The most common DevOps adoption mistake, and other answers – interview for DevOpsFriday5

I was interviewed recently by the folks at Ranger4 for their #DevOpsFriday5 question series. Since  June 2014 (when I was interviewed) I have published a couple of things which expand on the original answers, so I have outlined these here.  The questions were:

  1. What’s your preferred definition of DevOps?
  2. When people ‘do’ DevOps, what’s the most common mistake you see them make?
  3. How do you recommend an organisation new to DevOps start?
  4. What’s your prediction for what DevOps will look like in 2020?
  5. Where do you like to go to get a DevOps hit?

1) What’s your preferred definition of DevOps?

The real focus of DevOps is surely increased operability of the software systems we work with. As the rate of change to these systems is so high (and the changes so valuable), also because these systems are becoming more distributed and complex, the scope for operational faults is significantly higher than with the more static systems of the past. Therefore highly effective collaboration between Dev teams, Ops teams, and other teams helps to ensure that the new end-user features operate well when deployed, reducing the impact and extent of transitory failures.

I recently wrote a more extended blog post called ‘A useful working definition of DevOps‘ based on my work with clients organisations since 2012.

2) When people ‘do’ DevOps, what’s the most common mistake you see them make?

Many people have come to understand ‘DevOps’ as mostly just infrastructure automation or release management. They might start a ‘DevOps Team’ whose responsibility is to “automate stuff”, but if that team remains isolated from other teams, it will become a new silo, pushing Dev and Ops even further apart. So beware of the permanent ‘DevOps Team’; instead, use a short-lived team to reach a better place and then dissolve the team into product-aligned teams.

Another common problem present in many organisations is that the Development and (in particular) Operations teams are viewed as ‘execute only’ rather than high-skill and ‘value-add’. I expandon why this works against DevOps and software operability in my eBook ‘Software Operability: a DevOps Cornerstone‘.

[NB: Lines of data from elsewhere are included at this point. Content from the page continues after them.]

text \<open>Conditionally on \<open>X = x\<close>, write \<open>u = Z(f) - \<alpha> g\<^sub>0(x)\<close> and \<open>\<delta> = \<alpha> (g(x) - g\<^sub>0(x))\<close>, so the
  conditional risk difference is \<open>E[\<ell>(u - \<delta>) - \<ell>(u)]\<close>. The derivative \<open>\<psi> = clip \<tau>\<close> of the Huber
  loss is monotone and 1-Lipschitz, so this equals \<open>-\<delta> E \<psi>(u)\<close> plus a remainder in \<open>[0, \<delta>\<^sup>2/2]\<close>;
  the remainder is exactly \<open>\<delta>\<^sup>2/2\<close> on the event \<open>|u| \<le> \<tau> - |\<delta>|\<close>, which has probability at
  least 1/2 by the sub-Gaussian tail of \<open>\<omega>\<close>. This gives the quadratic terms.

  The linear term is small for two reasons. First, \<open>E[u | X]\<close> is of second order in \<open>f - f\<^sub>0\<close>:
  since \<open>f\<^sub>0\<close> is the \<open>\<alpha>\<close>-quantile the first-order term cancels (Neyman orthogonality), and the
  remainder is controlled by the density bound \<open>pbar\<close>, giving \<open>|E u| \<le> pbar/2 (f - f\<^sub>0)\<^sup>2\<close>. Second,
  clipping moves the mean by at most \<open>E (|\<omega>| - 3\<tau>/4)\<^sub>+\<close>, which is \<open>O(exp(-\<tau>\<^sup>2/(2\<sigma>\<^sub>0\<^sup>2)))\<close>.
  Integrating over \<open>X\<close> and applying Cauchy-Schwarz to \<open>E |g - g\<^sub>0| (f - f\<^sub>0)\<^sup>2\<close> yields the
  \<open>L\<^sub>2\<close> and \<open>L\<^sub>4\<close> norms.\<close>

text \<open>The derivative of \<^const>\<open>huber\<close> \<open>\<tau>\<close>.\<close>
definition clip :: "real \<Rightarrow> real \<Rightarrow> real" where
  "clip \<tau> u = max (- \<tau>) (min \<tau> u)"

lemma huber_measurable [measurable]:
  assumes [measurable]: "f \<in> borel_measurable M"
  shows "(\<lambda>x. huber \<tau> (f x)) \<in> borel_measurable M"
  unfolding huber_def by measurable

lemma clip_measurable [measurable]:
  assumes [measurable]: "f \<in> borel_measurable M"
  shows "(\<lambda>x. clip \<tau> (f x)) \<in> borel_measurable M"
  unfolding clip_def by measurable

lemma huber_nonneg:
  assumes "0 \<le> \<tau>" shows "0 \<le> huber \<tau> u"
proof (cases "\<bar>u\<bar> \<le> \<tau>")
  case False
  then have "\<tau> * \<tau> \<le> \<tau> * \<bar>u\<bar>" using assms by (intro mult_left_mono) auto
  moreover have "0 \<le> \<tau> * \<tau>" by simp
  ultimately show ?thesis unfolding huber_def if_not_P[OF \<open>\<not> \<bar>u\<bar> \<le> \<tau>\<close>] power2_eq_square by linarith
qed (simp add: huber_def)
lemma sums_integral_geometric_bound:
  fixes f :: "nat \<Rightarrow> 'a \<Rightarrow> real"
  assumes f: "\<And>n. integrable M (f n)" and g: "integrable M g"
    and bound: "\<And>n x. \<bar>f n x\<bar> \<le> g x * q^n" and q: "0 \<le> q" "q < 1"
  shows "(\<lambda>n. integral\<^sup>L M (f n)) sums (\<integral>x. (\<Sum>n. f n x) \<partial>M)"
    and "\<bar>integral\<^sup>L M (f n)\<bar> \<le> integral\<^sup>L M g * q^n"
proof -
  have geometric: "summable (\<lambda>n. c * q^n)" for c :: real
    using q by (intro summable_mult summable_geometric) simp
  have norm_bound: "(\<integral>x. norm (f n x) \<partial>M) \<le> integral\<^sup>L M g * q^n" for n
  proof -
    have "(\<integral>x. norm (f n x) \<partial>M) \<le> (\<integral>x. g x * q^n \<partial>M)"
      using f g bound by (intro integral_mono integrable_norm integrable_mult_left) auto
    then show ?thesis
      by simp
  qed
  show "(\<lambda>n. integral\<^sup>L M (f n)) sums (\<integral>x. (\<Sum>n. f n x) \<partial>M)"
  proof (rule sums_integral[OF f])
    show "AE x in M. summable (\<lambda>n. norm (f n x))"
      using bound by (intro AE_I2 summable_comparison_test'[OF geometric]) auto
    show "summable (\<lambda>n. \<integral>x. norm (f n x) \<partial>M)"
      using norm_bound by (intro summable_comparison_test'[OF geometric]) auto
  qed
  have "norm (integral\<^sup>L M (f n)) \<le> integral\<^sup>L M g * q^n"
    using integral_norm_bound norm_bound by (rule order_trans)
  then show "\<bar>integral\<^sup>L M (f n)\<bar> \<le> integral\<^sup>L M g * q^n"
    by simp
qed

lemma integrable_exp_neg_half_sextic: "integrable lborel (\<lambda>x::real. exp (-(x^6) / 2))"
proof -
  define c :: real where "c = root 6 (1/2)"
  have "integrable lborel (\<lambda>x::real. exp (-(x^6)))"
    using has_bochner_integral_sextic_moment[of 0] by (simp add: has_bochner_integral_iff)
  then have "integrable lborel (\<lambda>x. exp (-((0 + c * x)^6)))"
    by (rule lborel_integrable_real_affine) (simp add: c_def)
  moreover have "(c * x)^6 = x^6 / 2" for x
    by (simp add: c_def power_mult_distrib real_root_pow_pos2)
  ultimately show ?thesis
    by simp
qed

lemma integrable_exp_cube_shift_bound:
  fixes r :: real
  assumes "0 \<le> r"
  shows "integrable lborel (\<lambda>x::real. exp ((x^2 + r)^3 - 2 * x^6))"
proof (rule Bochner_Integration.integrable_bound)
  show "integrable lborel (\<lambda>x::real. exp (13^3 * r^3) * exp (-(x^6) / 2))"
    by (intro integrable_mult_right integrable_exp_neg_half_sextic)
  show "(\<lambda>x::real. exp ((x^2 + r)^3 - 2 * x^6)) \<in> borel_measurable lborel"
    by measurable
  show "AE x in lborel. norm (exp ((x^2 + r)^3 - 2 * x^6))
      \<le> norm (exp (13^3 * r^3) * exp (-(x^6) / 2))"
  proof (rule AE_I2)
    fix x :: real
    have "(x^2 + r)^3 - 2 * (x^2)^3 \<le> 13^3 * r^3 - (x^2)^3 / 2"
      using assms by (intro cube_shift_bound) auto
    then show "norm (exp ((x^2 + r)^3 - 2 * x^6)) \<le> norm (exp (13^3 * r^3) * exp (-(x^6) / 2))"
      by (simp flip: power_mult exp_add)
  qed
qed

3) How do you recommend an organisation new to DevOps start?

Give space for – and encourage – daily collaboration between Ops people and Dev people: arrange joint pizza sessions, hold a joint social, collaborate on incident triage, organise metrics-focused ‘hack days’, fund a decent project/programme to make logging a first-class concern. All these things will help to build trust between Ops folk and Dev folk, and improve your software at the same time, reducing outages and time needed for diagnosis. Everyone wins.

4) What’s your prediction for what DevOps will look like in 2020?

The practice of developers working highly collaboratively with operations folk will have become the norm, as will software-defined infrastructure and monitoring as a first-class concern. Organisations whose main revenue stream is enabled through software systems that do not follow these practices and principles will probably not be around in 2020.

5) Where do you like to go to get a DevOps hit?

DevOps Days is a great event series. XP Day in London is inspirational. DevOps Weekly is a useful newsletter. Meetup.com has many active DevOps meet up groups. Helping clients to tackle DevOps problems always throws up new problems and solutions.

The book Build Quality In – a collection of Continuous Delivery and DevOps experience reports – has recently been published via LeanPub. Steve Smith and I are editors, and we’re contributing our experiences along with around 20 other practitioners around the world. 70% of royalties from the book are being donated to Code Club. We expect the book to be valuable resource for people trying to adopt and sustain DevOps and Continuous Delivery as good practices for their organisation.